The research labs on campus are large energy consumers with the largest component of this use being the heating, air conditioning, and ventilation system. These buildings use single pass air from the outdoors with no recirculating return air; requiring a significant amount of energy to cool, heat, and remove humidity from the outside air as it enters the building. This single pass air is standard practice for laboratory space, providing a required safety measure for the building occupants. Industry and safety standards are also responsible for setting minimum air flow requirements in lab buildings. In years past, the standard minimum air flow rates ranged from 12 to 20 air changes per hour. Current standards have established lower minimum air flow rates that still provide for occupant safety.

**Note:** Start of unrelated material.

(* Let $G$ be a second countable locally compact Hausdorff groupoid with a fixed left Haar system $\lambda=\{\lambda^u\}_{u\in G^0}$, and let $(\Phi,\Psi)$ be a complementary pair of $N$-functions both satisfying the $\Delta_2$-condition. Then $\check A_\Phi(G)$ is a left and right $C_0(G^0)$-module under the actions $(bh)(x)=b(d(x))h(x)$ and $(hb)(x)=h(x)b(r(x))$ for $b\in C_0(G^0)$, $h\in\check A_\Phi(G)$; that is, $bh,hb\in\check A_\Phi(G)$ for all such $b,h$.
   Context: $G^0$ is the unit space, $r(x)=xx^{-1}$, $d(x)=x^{-1}x$, $G^u=r^{-1}(u)$; the left Haar system consists of positive Radon measures $\lambda^u$ with support $G^u$, $u\mapsto\int f d\lambda^u$ continuous for $f\in C_c(G)$, and $\int f(xy)d\lambda^{d(x)}(y)=\int f(y)d\lambda^{r(x)}(y)$. An $N$-function is a continuous even convex $\Phi:\mathbb R\to[0,\infty)$ with $\Phi(x)=0$ iff $x=0$, $\Phi(x)/x\to0$ as $x\to0$, $\to\infty$ as $x\to\infty$; complementary function $\Psi(y)=\sup_{x\ge0}(x|y|-\Phi(x))$. $\Delta_2$: there is $k>0$ with $\Phi(2x)\le k\Phi(x)$ for all $x\ge0$ ($G$ non-compact), resp. for $x\ge x_0$, some $x_0>0$ ($G$ compact). For $u\in G^0$, $L^\Phi(G^u)$ is the space of measurable $f$ on $G^u$ with $\int\Phi(\alpha|f|)d\lambda^u<\infty$ for some $\alpha>0$, gauge norm $\|f\|^0_\Phi=\inf\{k>0:\int\Phi(|f|/k)d\lambda^u\le1\}$; similarly for $\Psi$. For $f\in C_c(G)$, $f^u=f|_{G^u}$ and $\check f(x)=f(x^{-1})$. $E_0^\Phi$ (resp. $E_0^\Psi$) is the Banach space of sections $\xi=(\xi^u)$ with $\xi^u\in L^\Phi(G^u)$ (resp. $L^\Psi(G^u)$), locally close to $C_c(G)$ in the gauge norm, with $u\mapsto\|\xi^u\|^0$ vanishing at infinity, normed by $\sup_u\|\xi^u\|^0$. $\mathcal K(G)$ is the collection of compact subsets of $G$ with nonempty interior intersecting $G^0$. For $P\in\mathcal K(G)$, $E_0^\Phi(P)$ (resp. $E_0^\Psi(P)$) is the closure in $E_0^\Phi$ (resp. $E_0^\Psi$) of $\{f\in C_c(G):\operatorname{supp}f\subseteq P\}$. For $g\in E_0^\Psi(P)$, $f\in E_0^\Phi(P)$, $(g*\check f)(x)=\int_{G^{r(x)}}g^{r(x)}(y)f^{d(x)}(x^{-1}y)d\lambda^{r(x)}(y)$. $\check A_{\Phi,P}(G)$ is the set of $h\in C_c(G)$ of the form $h=\sum_{n=1}^\infty g_n*\check f_n$ with $f_n\in E_0^\Phi(P)$, $g_n\in E_0^\Psi(P)$ and $\sum_n\|f_n\|^0_\Phi\|g_n\|^0_\Psi<\infty$, and $\check A_\Phi(G)=\bigcup_{P\in\mathcal K(G)}\check A_{\Phi,P}(G)$. *)

theory Defs
  imports "HOL-Analysis.Analysis" "HOL-Probability.Probability"
begin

For these two projects, Energy Management and an outside design team worked together with Environment, Health and Safety to determine lower minimum air flow rates in the range of 6 to 8 air changes per hour. This change has lowered the outside air requirement for each building while still maintaining adequate lab ventilation and building comfort levels. Less outside air entering the building; less energy required to condition the air. This results in lower utility costs and avoided GHG emissions. Based on the demonstrated savings from these two projects, Energy Management is moving forward with four additional air flow reduction projects. Using simple payback economic analysis, these projects have estimated payback periods of less than four years.